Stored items

lemma cube_integral_sum:
  assumes "finite I" "\<And>i. i \<in> I \<Longrightarrow> continuous_on UNIV (f i)"
  shows "cube_integral (\<lambda>x. \<Sum>i\<in>I. f i x) = (\<Sum>i\<in>I. cube_integral (f i))"
  unfolding cube_integral_def sum_distrib_left
  by (rule Bochner_Integration.integral_sum) (use assms integrable_unit_cube in blast)

lemma cube_integral_mono:
  assumes "continuous_on UNIV f" "continuous_on UNIV g" "\<And>x. f x \<le> g x"
  shows "cube_integral f \<le> cube_integral g"
  unfolding cube_integral_def
  using integrable_unit_cube[OF assms(1)] integrable_unit_cube[OF assms(2)] assms(3)
  by (intro integral_mono) (auto simp: indicator_def)

lemma difference_quotient_bounded:
  fixes f :: "'a::euclidean_space \<Rightarrow> real"
  assumes df: "\<And>x. (f has_derivative Df x) (at x)" and b: "b \<in> Basis"
    and M: "\<And>y. y \<in> cbox 0 (2 *\<^sub>R One) \<Longrightarrow> \<bar>Df y b\<bar> \<le> M"
    and x: "x \<in> unit_cube" and t: "0 < t" "t \<le> 1"
  shows "\<bar>(f (x + t *\<^sub>R b) - f x) / t\<bar> \<le> M"
proof -
  have "\<exists>z. 0 < z \<and> z < t \<and> f (x + t *\<^sub>R b) - f (x + 0 *\<^sub>R b) = (t - 0) * Df (x + z *\<^sub>R b) b"
    by (rule MVT2[OF t(1)]) (rule has_real_derivative_along_line[OF df])
  then obtain z where z: "0 < z" "z < t" "f (x + t *\<^sub>R b) - f x = t * Df (x + z *\<^sub>R b) b"
    by auto
  have "x + z *\<^sub>R b \<in> cbox 0 (2 *\<^sub>R One)" unfolding mem_box
  proof
    fix c :: 'a assume c: "c \<in> Basis"
    have "0 \<le> x \<bullet> c" "x \<bullet> c < 1" using x c unfolding unit_cube_def by auto
    moreover have "0 \<le> b \<bullet> c" "b \<bullet> c \<le> 1" using b c by (auto simp: inner_Basis)
    moreover have "z * (b \<bullet> c) \<le> 1" using z t \<open>0 \<le> b \<bullet> c\<close> \<open>b \<bullet> c \<le> 1\<close>
      by (metis dual_order.trans less_eq_real_def mult_le_one)
    moreover have "0 \<le> z * (b \<bullet> c)" using z \<open>0 \<le> b \<bullet> c\<close> by simp
    ultimately show "0 \<bullet> c \<le> (x + z *\<^sub>R b) \<bullet> c \<and> (x + z *\<^sub>R b) \<bullet> c \<le> (2 *\<^sub>R One) \<bullet> c"
      using c by (simp add: inner_add_left)
  qed
  then show ?thesis using M z t by simp
qed

lemma cube_integral_difference_quotient_periodic:
  fixes f :: "'a::euclidean_space \<Rightarrow> real"
  assumes f: "continuous_on UNIV f" and periodic_b: "\<And>x. f (x + b) = f x" and b: "b \<in> Basis"
    and t: "0 < t" "t \<le> 1"
  shows "cube_integral (\<lambda>x. (f (x + t *\<^sub>R b) - f x) / t) = 0"
proof -
  have shifted: "continuous_on UNIV (\<lambda>x. f (x + t *\<^sub>R b))"
    by (rule continuous_on_compose2[OF f]) (auto intro!: continuous_intros)
  have "cube_integral (\<lambda>x. (f (x + t *\<^sub>R b) - f x) / t)
      = (cube_integral (\<lambda>x. f (x + t *\<^sub>R b)) - cube_integral f) / t"
    unfolding cube_integral_divide cube_integral_diff[OF shifted f] ..
  also have "\<dots> = 0" using cube_integral_translate[OF f periodic_b b less_imp_le[OF t(1)] t(2)] by simp
  finally show ?thesis .
qed

lemma difference_quotient_LIMSEQ:
  assumes "(f has_derivative D) (at x)"
  shows "(\<lambda>n. (f (x + inverse (real (Suc n)) *\<^sub>R v) - f x) / inverse (real (Suc n))) \<longlonglongrightarrow> D v"
proof -
  have "((\<lambda>s. f (x + s *\<^sub>R v)) has_real_derivative D v) (at 0)"
    using has_real_derivative_along_line[of f D x 0 v] assms by simp
  then have "((\<lambda>s. (f (x + s *\<^sub>R v) - f x) / s) \<longlongrightarrow> D v) (at 0)"
    unfolding has_field_derivative_iff by simp
  moreover have "filterlim (\<lambda>n. inverse (real (Suc n))) (at 0) sequentially"
    unfolding filterlim_at using LIMSEQ_inverse_real_of_nat by auto
  ultimately show ?thesis by (rule filterlim_compose)
qed

text \<open>The difference quotients of \<open>f\<close> in direction \<open>b\<close> have cube integral zero by translation
  invariance; dominated convergence passes this to the derivative.\<close>
lemma cube_integral_derivative_periodic:
  fixes f :: "'a::euclidean_space \<Rightarrow> real"
  assumes periodic_b: "\<And>x. f (x + b) = f x" and b: "b \<in> Basis"
    and df: "\<And>x. (f has_derivative Df x) (at x)"
    and cont: "continuous_on UNIV (\<lambda>x. Df x b)"
  shows "cube_integral (\<lambda>x. Df x b) = 0"
proof -
  have f: "continuous_on UNIV f"
    using df has_derivative_continuous continuous_at_imp_continuous_on by blast
  define t where "t n = inverse (real (Suc n))" for n
  have t: "0 < t n" "t n \<le> 1" for n unfolding t_def by (auto simp: field_simps)
  define q where "q n x = indicator unit_cube x * ((f (x + t n *\<^sub>R b) - f x) / t n)" for n x
  have "compact ((\<lambda>x. Df x b) ` cbox 0 (2 *\<^sub>R One))"
    by (rule compact_continuous_image) (use cont continuous_on_subset in auto)
  then obtain M where M: "\<And>y. y \<in> cbox 0 (2 *\<^sub>R One) \<Longrightarrow> \<bar>Df y b\<bar> \<le> M"
    using compact_imp_bounded bounded_iff by (metis image_eqI real_norm_def)
  have "(\<lambda>n. integral\<^sup>L lborel (q n)) \<longlonglongrightarrow> integral\<^sup>L lborel (\<lambda>x. indicator unit_cube x * Df x b)"
  proof (rule integral_dominated_convergence[where w = "\<lambda>x. indicator unit_cube x * M"])
    show "(\<lambda>x. indicator unit_cube x * Df x b) \<in> borel_measurable lborel"
      using borel_measurable_continuous_onI[OF cont] unit_cube_borel by measurable
    show "q n \<in> borel_measurable lborel" for n
      unfolding q_def using borel_measurable_continuous_onI[OF f] unit_cube_borel by measurable
    show "integrable lborel (\<lambda>x. indicator unit_cube x * M)"
      using integrable_unit_cube[of "\<lambda>x. M"] by simp
    show "AE x in lborel. norm (q n x) \<le> indicator unit_cube x * M" for n
      using difference_quotient_bounded[OF df b M _ t] by (simp add: q_def indicator_def)
    show "AE x in lborel. (\<lambda>n. q n x) \<longlonglongrightarrow> indicator unit_cube x * Df x b"
    proof (rule AE_I2)
      fix x
      show "(\<lambda>n. q n x) \<longlonglongrightarrow> indicator unit_cube x * Df x b"
        unfolding q_def t_def by (rule tendsto_mult_left[OF difference_quotient_LIMSEQ[OF df]])
    qed
  qed
  moreover have "integral\<^sup>L lborel (q n) = 0" for n
    using cube_integral_difference_quotient_periodic[OF f periodic_b b t]
    unfolding q_def cube_integral_def .
  ultimately have "(\<lambda>n. 0) \<longlonglongrightarrow> integral\<^sup>L lborel (\<lambda>x. indicator unit_cube x * Df x b)"
    by simp
  then show ?thesis unfolding cube_integral_def using LIMSEQ_const_iff by metis
qed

PROBLEM DESCRIPTION:
Write out, exactly as given, the line containing "proof (rule AE_I2)" and every line after it to the end of the records. Include nothing else.

PROBLEM SOLUTION:
    proof (rule AE_I2)
      fix x
      show "(\<lambda>n. q n x) \<longlonglongrightarrow> indicator unit_cube x * Df x b"
        unfolding q_def t_def by (rule tendsto_mult_left[OF difference_quotient_LIMSEQ[OF df]])
    qed
  qed
  moreover have "integral\<^sup>L lborel (q n) = 0" for n
    using cube_integral_difference_quotient_periodic[OF f periodic_b b t]
    unfolding q_def cube_integral_def .
  ultimately have "(\<lambda>n. 0) \<longlonglongrightarrow> integral\<^sup>L lborel (\<lambda>x. indicator unit_cube x * Df x b)"
    by simp
  then show ?thesis unfolding cube_integral_def using LIMSEQ_const_iff by metis
qed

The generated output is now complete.